## Saved entries
text \<open>The only place where residual rationality is used: \<open>w / a\<close> has value \<open>0\<close>, so it is
  congruent to some \<open>u \<in> R\<close> modulo the maximal ideal of \<open>vring v\<close>.\<close>
lemma exists_larger_val_outside:
  assumes A: "Rmod R A" and A': "Rmod R A'" and "A \<subseteq> A'"
    and w: "w \<in> A'" "w \<notin> A" "v w \<in> vals A"
  obtains w' where "w' \<in> A'" "w' \<notin> A" "v w < v w'"
proof -
  have "w \<noteq> 0" using w A unfolding Rmod_def by auto
  obtain a where a: "a \<in> A" "a \<noteq> 0" "v a = v w" using w(3) by (rule valsE)
  have "w / a \<in> vring v" unfolding vring_def using val_divide[OF \<open>w \<noteq> 0\<close> a(2)] a by simp
  then obtain u where u: "u \<in> R" "w / a = u \<or> 0 < v (w / a - u)" using residually_rational by blast
  have ua: "u * a \<in> A" using A u(1) a(1) unfolding Rmod_def by blast
  have "w \<noteq> u * a" using ua w(2) by blast
  hence ne: "w / a - u \<noteq> 0" and pos: "0 < v (w / a - u)" using u(2) a(2) by (auto simp: field_simps)
  show ?thesis
  proof
    show "w - u * a \<in> A'" using Rmod_diff[OF A' w(1)] ua \<open>A \<subseteq> A'\<close> by blast
    show "w - u * a \<notin> A" using Rmod_diff[OF A, of "w - u * a" "- (u * a)"] ua w(2) A
      unfolding Rmod_def by (metis diff_add_cancel)
    have "w - u * a = a * (w / a - u)" using a(2) by (simp add: field_simps)
    thus "v w < v (w - u * a)" using val_mult[OF a(2) ne] pos a(3) by simp
  qed
qed

lemma submodule_eq_if_vals_subset:
  assumes A: "Rmod R A" and A': "Rmod R A'" and "A \<subseteq> A'" and "val_ge b \<subseteq> A"
    and "vals A' \<subseteq> vals A"
  shows "A' = A"
proof -
  have "w \<notin> A' - A" for w
  proof (induction "nat (b - v w)" arbitrary: w rule: less_induct)
    case less
    show ?case
    proof
      assume w: "w \<in> A' - A"
      hence "w \<notin> val_ge b" using \<open>val_ge b \<subseteq> A\<close> by blast
      hence "w \<noteq> 0" "v w < b" unfolding val_ge_def by auto
      hence "v w \<in> vals A" using w valsI \<open>vals A' \<subseteq> vals A\<close> by blast
      then obtain w' where w': "w' \<in> A'" "w' \<notin> A" "v w < v w'"
        using exists_larger_val_outside[OF A A' \<open>A \<subseteq> A'\<close>] w by blast
      hence "w' \<notin> val_ge b" using \<open>val_ge b \<subseteq> A\<close> by blast
      hence "v w' < b" unfolding val_ge_def by auto
      hence "nat (b - v w') < nat (b - v w)" using w' \<open>v w < b\<close> by simp
      thus False using less w' by blast
    qed
  qed
  thus ?thesis using \<open>A \<subseteq> A'\<close> by blast
qed

lemma vals_sum_Int_val_ge:
  assumes N: "Rmod R N" and M: "Rmod R M" and "N \<subseteq> M"
  shows "vals {p + q | p q. p \<in> N \<and> q \<in> M \<inter> val_ge b} - vals N = (vals M - vals N) \<inter> {b..}"
    (is "vals ?S - _ = _")
proof
  have "?S \<subseteq> M" using Rmod_add[OF M] \<open>N \<subseteq> M\<close> by blast
  hence sub: "vals ?S \<subseteq> vals M" by (rule vals_mono)
  have low: "y \<in> vals N" if y: "y \<in> vals ?S" "y < b" for y
  proof -
    obtain z where z: "z \<in> ?S" "z \<noteq> 0" "v z = y" using y(1) by (rule valsE)
    then obtain p q where pq: "z = p + q" "p \<in> N" "q \<in> val_ge b" by blast
    have "- q \<in> val_ge b" using pq(3) unfolding val_ge_def by simp
    hence "p \<noteq> 0 \<and> v p = y" using val_add_val_ge[of "- q" b z] z y(2) pq(1) by simp
    thus ?thesis using pq(2) valsI by blast
  qed
  show "vals ?S - vals N \<subseteq> (vals M - vals N) \<inter> {b..}"
  proof
    fix y assume y: "y \<in> vals ?S - vals N"
    hence "\<not> y < b" using low by blast
    thus "y \<in> (vals M - vals N) \<inter> {b..}" using y sub by auto
  qed
next
  show "(vals M - vals N) \<inter> {b..} \<subseteq> vals ?S - vals N"
  proof
    fix y assume y: "y \<in> (vals M - vals N) \<inter> {b..}"
    then obtain z where z: "z \<in> M" "z \<noteq> 0" "v z = y" by (auto elim: valsE)
    have "z \<in> val_ge b" "0 \<in> N" using z y Rmod_zero[OF N] unfolding val_ge_def by auto
    hence "z \<in> ?S" using z by (intro CollectI exI[of _ 0] exI[of _ z]) simp
    thus "y \<in> vals ?S - vals N" using valsI[of z ?S] z y by simp
  qed
qed

lemma strict_chain_length_le:
  assumes "val_ge b \<subseteq> N" "M \<subseteq> val_ge a"
    and f: "f 0 = N" "f n = M" "strict_module_chain R f n"
  shows "n \<le> card (vals M - vals N)"
proof -
  have fin: "finite (vals M - vals N)" using finite_vals_diff assms(1,2) .
  have chain: "\<forall>i<n. f i \<subset> f (Suc i)" and mods: "\<forall>i\<le>n. Rmod R (f i)"
    using f(3) unfolding strict_module_chain_def by auto
  have between: "N \<subseteq> f i \<and> f i \<subseteq> M" if "i \<le> n" for i
    using strict_chain_mono[OF chain, of 0 i] strict_chain_mono[OF chain, of i n] f that by auto
  have "i \<le> card (vals (f i) - vals N)" if "i \<le> n" for i
    using that
  proof (induction i)
    case (Suc i)
    have psub: "f i \<subset> f (Suc i)" using chain Suc.prems by simp
    have "vals (f (Suc i)) \<noteq> vals (f i)"
      using submodule_eq_if_vals_subset[of "f i" "f (Suc i)" b] psub mods Suc.prems
        between[of i] assms(1) by auto
    hence psub_vals: "vals (f i) - vals N \<subset> vals (f (Suc i)) - vals N"
      using vals_mono[of "f i" "f (Suc i)"] vals_mono[of N "f i"] psub between[of i] Suc.prems
      by auto
    have "vals (f (Suc i)) - vals N \<subseteq> vals M - vals N"
      using vals_mono[of "f (Suc i)" M] between[OF Suc.prems] by blast
    hence "finite (vals (f (Suc i)) - vals N)" using fin by (rule finite_subset)
    hence "card (vals (f i) - vals N) < card (vals (f (Suc i)) - vals N)"
      using psub_vals by (rule psubset_card_mono)
    thus ?case using Suc by simp
  qed simp
  thus ?thesis using f(2) by fastforce
qed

## Required action
A word-for-word transcription of all the data is needed.

## Exercise response
text \<open>The only place where residual rationality is used: \<open>w / a\<close> has value \<open>0\<close>, so it is
  congruent to some \<open>u \<in> R\<close> modulo the maximal ideal of \<open>vring v\<close>.\<close>
lemma exists_larger_val_outside:
  assumes A: "Rmod R A" and A': "Rmod R A'" and "A \<subseteq> A'"
    and w: "w \<in> A'" "w \<notin> A" "v w \<in> vals A"
  obtains w' where "w' \<in> A'" "w' \<notin> A" "v w < v w'"
proof -
  have "w \<noteq> 0" using w A unfolding Rmod_def by auto
  obtain a where a: "a \<in> A" "a \<noteq> 0" "v a = v w" using w(3) by (rule valsE)
  have "w / a \<in> vring v" unfolding vring_def using val_divide[OF \<open>w \<noteq> 0\<close> a(2)] a by simp
  then obtain u where u: "u \<in> R" "w / a = u \<or> 0 < v (w / a - u)" using residually_rational by blast
  have ua: "u * a \<in> A" using A u(1) a(1) unfolding Rmod_def by blast
  have "w \<noteq> u * a" using ua w(2) by blast
  hence ne: "w / a - u \<noteq> 0" and pos: "0 < v (w / a - u)" using u(2) a(2) by (auto simp: field_simps)
  show ?thesis
  proof
    show "w - u * a \<in> A'" using Rmod_diff[OF A' w(1)] ua \<open>A \<subseteq> A'\<close> by blast
    show "w - u * a \<notin> A" using Rmod_diff[OF A, of "w - u * a" "- (u * a)"] ua w(2) A
      unfolding Rmod_def by (metis diff_add_cancel)
    have "w - u * a = a * (w / a - u)" using a(2) by (simp add: field_simps)
    thus "v w < v (w - u * a)" using val_mult[OF a(2) ne] pos a(3) by simp
  qed
qed

lemma submodule_eq_if_vals_subset:
  assumes A: "Rmod R A" and A': "Rmod R A'" and "A \<subseteq> A'" and "val_ge b \<subseteq> A"
    and "vals A' \<subseteq> vals A"
  shows "A' = A"
proof -
  have "w \<notin> A' - A" for w
  proof (induction "nat (b - v w)" arbitrary: w rule: less_induct)
    case less
    show ?case
    proof
      assume w: "w \<in> A' - A"
      hence "w \<notin> val_ge b" using \<open>val_ge b \<subseteq> A\<close> by blast
      hence "w \<noteq> 0" "v w < b" unfolding val_ge_def by auto
      hence "v w \<in> vals A" using w valsI \<open>vals A' \<subseteq> vals A\<close> by blast
      then obtain w' where w': "w' \<in> A'" "w' \<notin> A" "v w < v w'"
        using exists_larger_val_outside[OF A A' \<open>A \<subseteq> A'\<close>] w by blast
      hence "w' \<notin> val_ge b" using \<open>val_ge b \<subseteq> A\<close> by blast
      hence "v w' < b" unfolding val_ge_def by auto
      hence "nat (b - v w') < nat (b - v w)" using w' \<open>v w < b\<close> by simp
      thus False using less w' by blast
    qed
  qed
  thus ?thesis using \<open>A \<subseteq> A'\<close> by blast
qed

lemma vals_sum_Int_val_ge:
  assumes N: "Rmod R N" and M: "Rmod R M" and "N \<subseteq> M"
  shows "vals {p + q | p q. p \<in> N \<and> q \<in> M \<inter> val_ge b} - vals N = (vals M - vals N) \<inter> {b..}"
    (is "vals ?S - _ = _")
proof
  have "?S \<subseteq> M" using Rmod_add[OF M] \<open>N \<subseteq> M\<close> by blast
  hence sub: "vals ?S \<subseteq> vals M" by (rule vals_mono)
  have low: "y \<in> vals N" if y: "y \<in> vals ?S" "y < b" for y
  proof -
    obtain z where z: "z \<in> ?S" "z \<noteq> 0" "v z = y" using y(1) by (rule valsE)
    then obtain p q where pq: "z = p + q" "p \<in> N" "q \<in> val_ge b" by blast
    have "- q \<in> val_ge b" using pq(3) unfolding val_ge_def by simp
    hence "p \<noteq> 0 \<and> v p = y" using val_add_val_ge[of "- q" b z] z y(2) pq(1) by simp
    thus ?thesis using pq(2) valsI by blast
  qed
  show "vals ?S - vals N \<subseteq> (vals M - vals N) \<inter> {b..}"
  proof
    fix y assume y: "y \<in> vals ?S - vals N"
    hence "\<not> y < b" using low by blast
    thus "y \<in> (vals M - vals N) \<inter> {b..}" using y sub by auto
  qed
next
  show "(vals M - vals N) \<inter> {b..} \<subseteq> vals ?S - vals N"
  proof
    fix y assume y: "y \<in> (vals M - vals N) \<inter> {b..}"
    then obtain z where z: "z \<in> M" "z \<noteq> 0" "v z = y" by (auto elim: valsE)
    have "z \<in> val_ge b" "0 \<in> N" using z y Rmod_zero[OF N] unfolding val_ge_def by auto
    hence "z \<in> ?S" using z by (intro CollectI exI[of _ 0] exI[of _ z]) simp
    thus "y \<in> vals ?S - vals N" using valsI[of z ?S] z y by simp
  qed
qed

lemma strict_chain_length_le:
  assumes "val_ge b \<subseteq> N" "M \<subseteq> val_ge a"
    and f: "f 0 = N" "f n = M" "strict_module_chain R f n"
  shows "n \<le> card (vals M - vals N)"
proof -
  have fin: "finite (vals M - vals N)" using finite_vals_diff assms(1,2) .
  have chain: "\<forall>i<n. f i \<subset> f (Suc i)" and mods: "\<forall>i\<le>n. Rmod R (f i)"
    using f(3) unfolding strict_module_chain_def by auto
  have between: "N \<subseteq> f i \<and> f i \<subseteq> M" if "i \<le> n" for i
    using strict_chain_mono[OF chain, of 0 i] strict_chain_mono[OF chain, of i n] f that by auto
  have "i \<le> card (vals (f i) - vals N)" if "i \<le> n" for i
    using that
  proof (induction i)
    case (Suc i)
    have psub: "f i \<subset> f (Suc i)" using chain Suc.prems by simp
    have "vals (f (Suc i)) \<noteq> vals (f i)"
      using submodule_eq_if_vals_subset[of "f i" "f (Suc i)" b] psub mods Suc.prems
        between[of i] assms(1) by auto
    hence psub_vals: "vals (f i) - vals N \<subset> vals (f (Suc i)) - vals N"
      using vals_mono[of "f i" "f (Suc i)"] vals_mono[of N "f i"] psub between[of i] Suc.prems
      by auto
    have "vals (f (Suc i)) - vals N \<subseteq> vals M - vals N"
      using vals_mono[of "f (Suc i)" M] between[OF Suc.prems] by blast
    hence "finite (vals (f (Suc i)) - vals N)" using fin by (rule finite_subset)
    hence "card (vals (f i) - vals N) < card (vals (f (Suc i)) - vals N)"
      using psub_vals by (rule psubset_card_mono)
    thus ?case using Suc by simp
  qed simp
  thus ?thesis using f(2) by fastforce
qed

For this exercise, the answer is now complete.